Не «ты красивая». Не «мне нравятся полненькие». Не комплимент — правда. Сказанная так, что не поверить было невозможно.

Они протанцевали ещё три раза. Потом стояли у забора, пили тёплый компот из гранёных стаканов и разговаривали. Вернее, говорила больше Глаша — про ферму, про корову Зорьку, которая лягается только левой ногой, про то, как Колька на спор съел десять яиц и потом неделю на них смотреть не мог. Лёша слушал и смеялся — тихо, без надрыва, одними глазами. А когда она замолкала, он не торопил, не заполнял тишину, просто ждал, и его молчание было уютным, как тёплая печка в январе.

— Глаша! Едем! Дядя Вася ждёт! — крикнула издалека Наташа.

Глаша вздрогнула. Посмотрела на Лёшу.

— Мне пора.

Он полез в карман, достал огрызок карандаша и клочок бумаги — какую-то квитанцию.

— Вот, — он написал что-то и протянул ей. — Это адрес нашей МТС. Напиши мне. Или я к вам приеду. В воскресенье. Если ты не против.

— В Берёзовку? — удивилась она. — Это ж двадцать километров.

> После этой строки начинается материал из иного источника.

(* Let $X$ be a graph (multiple edges and loops allowed) which is connected, has countable vertex set, has bounded degree, and has no vertex of degree one. Fix a vertex $x_0\in VX$. For $x\in VX$ and $m\ge 1$ let $c_m(x)$ be the number of geodesic loops of length $m$ starting at $x$, and let $N_m(x_0)$ be the number of closed geodesic paths of length $m$ starting at $x_0$. Define formal power series $C(u:x)=\sum_{m=1}^\infty c_m(x)u^m$ for $x\in VX$ and $N(u:x_0)=\sum_{m=1}^\infty N_m(x_0)u^m$, and set (coefficientwise) $(\Delta_X C(u:\cdot))(x_0)=\deg(x_0)C(u:x_0)-\sum_{e\in E_{x_0}}C(u:t(e))$. Then, as formal power series in $u$, $$N(u:x_0)=(1-u^2)^{-2}\{1-(\deg(x_0)-\Delta_X)u^2+(\deg(x_0)-1)u^4\}C(u:\cdot)(x_0),$$ that is, $$N(u:x_0)=(1-u^2)^{-2}\Big[\big(1-\deg(x_0)u^2+(\deg(x_0)-1)u^4\big)C(u:x_0)+u^2(\Delta_X C(u:\cdot))(x_0)\Big].$$
   Context: A graph $X=(VX,EX)$ consists of disjoint sets $VX$, $EX$ with maps $e\mapsto (o(e),t(e))\in VX\times VX$ and $e\mapsto\bar e$ such that $\bar e\ne e$, $\bar{\bar e}=e$, $o(e)=t(\bar e)$. For $x\in VX$, $E_x=\{e\in EX: o(e)=x\}$ and $\deg(x)=|E_x|$; bounded degree means $\sup_x\deg(x)<\infty$. A path of length $n$ is a sequence of edges $c=(e_1,\dots,e_n)$ with $t(e_i)=o(e_{i+1})$; $o(c)=o(e_1)$, $t(c)=t(e_n)$; it is closed if $o(c)=t(c)$. It has a back-tracking if $e_{i+1}=\bar e_i$ for some $i$, and has a tail if $e_n=\bar e_1$. A geodesic loop is a closed path without back-tracking; a closed geodesic path is a geodesic loop without tail. "Starting at $x$" means $o(c)=x$. *)

theory Defs
  imports "HOL-Computational_Algebra.Formal_Power_Series" "HOL-Library.Countable_Set"
begin

text \<open>A graph in the sense of Serre: vertex set V, edge set E, origin map org,
  terminus map tm, reversal map rv (e \<mapsto> bar e). Vertices and edges have different
  types, hence are disjoint.\<close>

definition is_graph ::
  "'v set \<Rightarrow> 'e set \<Rightarrow> ('e \<Rightarrow> 'v) \<Rightarrow> ('e \<Rightarrow> 'v) \<Rightarrow> ('e \<Rightarrow> 'e) \<Rightarrow> bool" where
  "is_graph V E org tm rv \<longleftrightarrow>
     (\<forall>e\<in>E. org e \<in> V \<and> tm e \<in> V \<and> rv e \<in> E \<and> rv e \<noteq> e \<and> rv (rv e) = e
            \<and> org e = tm (rv e))"

definition out_edges :: "'e set \<Rightarrow> ('e \<Rightarrow> 'v) \<Rightarrow> 'v \<Rightarrow> 'e set" where
  "out_edges E org x = {e\<in>E. org e = x}"

definition gdeg :: "'e set \<Rightarrow> ('e \<Rightarrow> 'v) \<Rightarrow> 'v \<Rightarrow> nat" where
  "gdeg E org x = card (out_edges E org x)"

definition bounded_degree :: "'v set \<Rightarrow> 'e set \<Rightarrow> ('e \<Rightarrow> 'v) \<Rightarrow> bool" where
  "bounded_degree V E org \<longleftrightarrow>
     (\<exists>K::nat. \<forall>x\<in>V. finite (out_edges E org x) \<and> gdeg E org x \<le> K)"

definition is_path :: "'e set \<Rightarrow> ('e \<Rightarrow> 'v) \<Rightarrow> ('e \<Rightarrow> 'v) \<Rightarrow> 'e list \<Rightarrow> bool" where
  "is_path E org tm c \<longleftrightarrow> set c \<subseteq> E \<and>
     (\<forall>i. Suc i < length c \<longrightarrow> tm (c ! i) = org (c ! Suc i))"

definition connected_graph ::
  "'v set \<Rightarrow> 'e set \<Rightarrow> ('e \<Rightarrow> 'v) \<Rightarrow> ('e \<Rightarrow> 'v) \<Rightarrow> bool" where
  "connected_graph V E org tm \<longleftrightarrow>
     (\<forall>x\<in>V. \<forall>y\<in>V. x = y \<or>
        (\<exists>c. c \<noteq> [] \<and> is_path E org tm c \<and> org (hd c) = x \<and> tm (last c) = y))"

definition has_backtracking :: "('e \<Rightarrow> 'e) \<Rightarrow> 'e list \<Rightarrow> bool" where
  "has_backtracking rv c \<longleftrightarrow> (\<exists>i. Suc i < length c \<and> c ! Suc i = rv (c ! i))"

definition has_tail :: "('e \<Rightarrow> 'e) \<Rightarrow> 'e list \<Rightarrow> bool" where
  "has_tail rv c \<longleftrightarrow> c \<noteq> [] \<and> last c = rv (hd c)"

definition geodesic_loops ::
  "'e set \<Rightarrow> ('e \<Rightarrow> 'v) \<Rightarrow> ('e \<Rightarrow> 'v) \<Rightarrow> ('e \<Rightarrow> 'e) \<Rightarrow> nat \<Rightarrow> 'v \<Rightarrow> 'e list set" where
  "geodesic_loops E org tm rv m x =
     {c. length c = m \<and> c \<noteq> [] \<and> is_path E org tm c \<and> org (hd c) = x \<and> tm (last c) = x
         \<and> \<not> has_backtracking rv c}"

definition closed_geodesics ::
  "'e set \<Rightarrow> ('e \<Rightarrow> 'v) \<Rightarrow> ('e \<Rightarrow> 'v) \<Rightarrow> ('e \<Rightarrow> 'e) \<Rightarrow> nat \<Rightarrow> 'v \<Rightarrow> 'e list set" where
  "closed_geodesics E org tm rv m x =
     {c \<in> geodesic_loops E org tm rv m x. \<not> has_tail rv c}"

definition loopC ::
  "'e set \<Rightarrow> ('e \<Rightarrow> 'v) \<Rightarrow> ('e \<Rightarrow> 'v) \<Rightarrow> ('e \<Rightarrow> 'e) \<Rightarrow> 'v \<Rightarrow> rat fps" where
  "loopC E org tm rv x =
     Abs_fps (\<lambda>m. if m = 0 then 0 else of_nat (card (geodesic_loops E org tm rv m x)))"

definition closedN ::
  "'e set \<Rightarrow> ('e \<Rightarrow> 'v) \<Rightarrow> ('e \<Rightarrow> 'v) \<Rightarrow> ('e \<Rightarrow> 'e) \<Rightarrow> 'v \<Rightarrow> rat fps" where
  "closedN E org tm rv x =
     Abs_fps (\<lambda>m. if m = 0 then 0 else of_nat (card (closed_geodesics E org tm rv m x)))"

definition graph_laplacian ::
  "'e set \<Rightarrow> ('e \<Rightarrow> 'v) \<Rightarrow> ('e \<Rightarrow> 'v) \<Rightarrow> ('v \<Rightarrow> rat fps) \<Rightarrow> 'v \<Rightarrow> rat fps" where
  "graph_laplacian E org tm F x =
     of_nat (gdeg E org x) * F x - (\<Sum>e\<in>out_edges E org x. F (tm e))"

end

theory Submission
  imports Defs
begin

text \<open>Let \<open>C\<^sub>n(y)\<close> be the geodesic loops of length \<open>n\<close> at \<open>y\<close> and \<open>T\<^sub>n(x) \<subseteq> C\<^sub>n(x)\<close>
  those with a tail, so that \<open>N\<^sub>n(x) = |C\<^sub>n(x)| - |T\<^sub>n(x)|\<close>. A loop in \<open>T\<^sub>n\<^sub>+\<^sub>2(x)\<close> is
  \<open>e c e\<^sup>-\<close> with \<open>e \<in> E\<^sub>x\<close> and \<open>c \<in> C\<^sub>n(t(e))\<close> neither starting with \<open>e\<^sup>-\<close> nor ending with
  \<open>e\<close>. Inclusion--exclusion (path reversal swaps the two conditions) reduces this count to
  the loops at \<open>t(e)\<close> starting with \<open>e\<^sup>-\<close> but not ending with \<open>e\<close>, which over all
  \<open>e \<in> E\<^sub>x\<close> correspond to the closed geodesics at \<open>x\<close>, and the loops doing both, which
  are \<open>e\<^sup>- c' e\<close> with \<open>c' \<in> C\<^sub>n\<^sub>-\<^sub>2(x)\<close> avoiding \<open>e\<close> at its start and \<open>e\<^sup>-\<close> at its end: for
  each \<open>c'\<close> there are \<open>deg(x) - 2\<close> such \<open>e\<close>, plus one if \<open>c'\<close> has a tail. The resulting
  recurrence for \<open>|T\<^sub>n(x)|\<close> is a linear relation between generating functions, which
  solves to the formula.\<close>

unbundle fps_syntax

definition nonbacktracking_step :: "('e \<Rightarrow> 'v) \<Rightarrow> ('e \<Rightarrow> 'v) \<Rightarrow> ('e \<Rightarrow> 'e) \<Rightarrow> 'e \<Rightarrow> 'e \<Rightarrow> bool" where
  "nonbacktracking_step org tm rv a b \<longleftrightarrow> tm a = org b \<and> b \<noteq> rv a"

lemma geodesic_loops_iff:
  "c \<in> geodesic_loops E org tm rv n y \<longleftrightarrow>
     length c = n \<and> c \<noteq> [] \<and> set c \<subseteq> E \<and> successively (nonbacktracking_step org tm rv) c
     \<and> org (hd c) = y \<and> tm (last c) = y"
proof -
  have "successively (nonbacktracking_step org tm rv) c \<longleftrightarrow>
     successively (\<lambda>a b. tm a = org b) c \<and> successively (\<lambda>a b. b \<noteq> rv a) c"
    unfolding successively_conv_nth nonbacktracking_step_def by blast
  then show ?thesis
    unfolding geodesic_loops_def is_path_def has_backtracking_def successively_conv_nth
    by auto
qed

lemma geodesic_loops_Cons:
  "e # c \<in> geodesic_loops E org tm rv m y \<longleftrightarrow>
     m = Suc (length c) \<and> e \<in> E \<and> set c \<subseteq> E \<and> org e = y \<and>
     (if c = [] then tm e = y
      else tm (last c) = y \<and> nonbacktracking_step org tm rv e (hd c)
        \<and> successively (nonbacktracking_step org tm rv) c)"
  by (cases "c = []") (auto simp: geodesic_loops_iff successively_Cons)

lemma geodesic_loops_Cons_snoc:
  "e # c @ [f] \<in> geodesic_loops E org tm rv m y \<longleftrightarrow>
     m = Suc (Suc (length c)) \<and> e \<in> E \<and> f \<in> E \<and> set c \<subseteq> E \<and> org e = y \<and> tm f = y \<and>
     (if c = [] then nonbacktracking_step org tm rv e f
      else nonbacktracking_step org tm rv e (hd c) \<and> successively (nonbacktracking_step org tm rv) c
        \<and> nonbacktracking_step org tm rv (last c) f)"
  by (cases "c = []") (auto simp: geodesic_loops_iff successively_Cons successively_append_iff)

lemma geodesic_loops_0: "geodesic_loops E org tm rv 0 y = {}"
  by (auto simp: geodesic_loops_iff)

lemma loopC_nth: "loopC E org tm rv y $ m = of_nat (card (geodesic_loops E org tm rv m y))"
  by (simp add: loopC_def geodesic_loops_0)

lemma closedN_nth: "closedN E org tm rv y $ m = of_nat (card (closed_geodesics E org tm rv m y))"
  by (simp add: closedN_def closed_geodesics_def geodesic_loops_0)

lemma nat_less_2_or_Suc_Suc:
  obtains "m < 2" | n where "m = Suc (Suc n)"
  by (metis less_2_cases_iff not0_implies_Suc not_less_eq)

lemma length_Suc_Suc_conv_Cons_snoc:
  "length c = Suc (Suc n) \<Longrightarrow> \<exists>e c' f. c = e # c' @ [f] \<and> length c' = n"
  by (cases c; cases "tl c" rule: rev_cases) auto

lemma card_filter_eq_sum: "finite S \<Longrightarrow> card {c\<in>S. P c} = (\<Sum>c\<in>S. if P c then 1 else 0)"
  using sum.inter_filter[of S "\<lambda>_. 1 :: nat" P] by (simp only: card_eq_sum)

locale locally_finite_graph =
  fixes V :: "'v set" and E :: "'e set" and org tm :: "'e \<Rightarrow> 'v" and rv :: "'e \<Rightarrow> 'e"
  assumes graph: "is_graph V E org tm rv"
    and finite_out_edges: "x \<in> V \<Longrightarrow> finite (out_edges E org x)"
begin

abbreviation "loops \<equiv> geodesic_loops E org tm rv"
abbreviation "step \<equiv> nonbacktracking_step org tm rv"
abbreviation "out \<equiv> out_edges E org"

lemma org_in_V: "e \<in> E \<Longrightarrow> org e \<in> V" and tm_in_V: "e \<in> E \<Longrightarrow> tm e \<in> V"
  and rv_in_E[simp]: "e \<in> E \<Longrightarrow> rv e \<in> E" and rv_neq: "e \<in> E \<Longrightarrow> rv e \<noteq> e"
  and rv_rv[simp]: "e \<in> E \<Longrightarrow> rv (rv e) = e" and tm_rv[simp]: "e \<in> E \<Longrightarrow> tm (rv e) = org e"
  using graph unfolding is_graph_def by auto

lemma org_rv[simp]: "e \<in> E \<Longrightarrow> org (rv e) = tm e"
  by (metis rv_in_E rv_rv tm_rv)

lemma rv_eq_iff: "a \<in> E \<Longrightarrow> b \<in> E \<Longrightarrow> rv a = rv b \<longleftrightarrow> a = b"
  by (metis rv_rv)

lemma step_rv_right: "a \<in> E \<Longrightarrow> e \<in> E \<Longrightarrow> step a (rv e) \<longleftrightarrow> tm a = tm e \<and> a \<noteq> e"
  unfolding nonbacktracking_step_def using rv_eq_iff by auto

lemma out_edges_iff: "e \<in> out x \<longleftrightarrow> e \<in> E \<and> org e = x"
  by (simp add: out_edges_def)

definition reverse_path :: "'e list \<Rightarrow> 'e list" where
  "reverse_path c = rev (map rv c)"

— На тракторе доеду, — сказал он серьёзно, и она не поняла — шутит или нет.

— Глашка! Ну!

Она побежала, прижимая бумажку к груди. Уже у машины обернулась. Лёша стоял на том же месте и смотрел ей вслед. Не махал, не кричал — просто стоял. И в этом было что-то такое, от чего у Глаши перехватило горло.

В кузове, на деревянной скамейке, трясясь на ухабах, Наташка толкнула её локтем:

— Ну? Кто такой?

— Тракторист. Из Калинова. Лёша.

— А чего он тебя весь вечер пас? Влюбился, что ли?

— Скажешь тоже, — Глаша отвернулась к стенке, чтобы Наташка не увидела, как она улыбается.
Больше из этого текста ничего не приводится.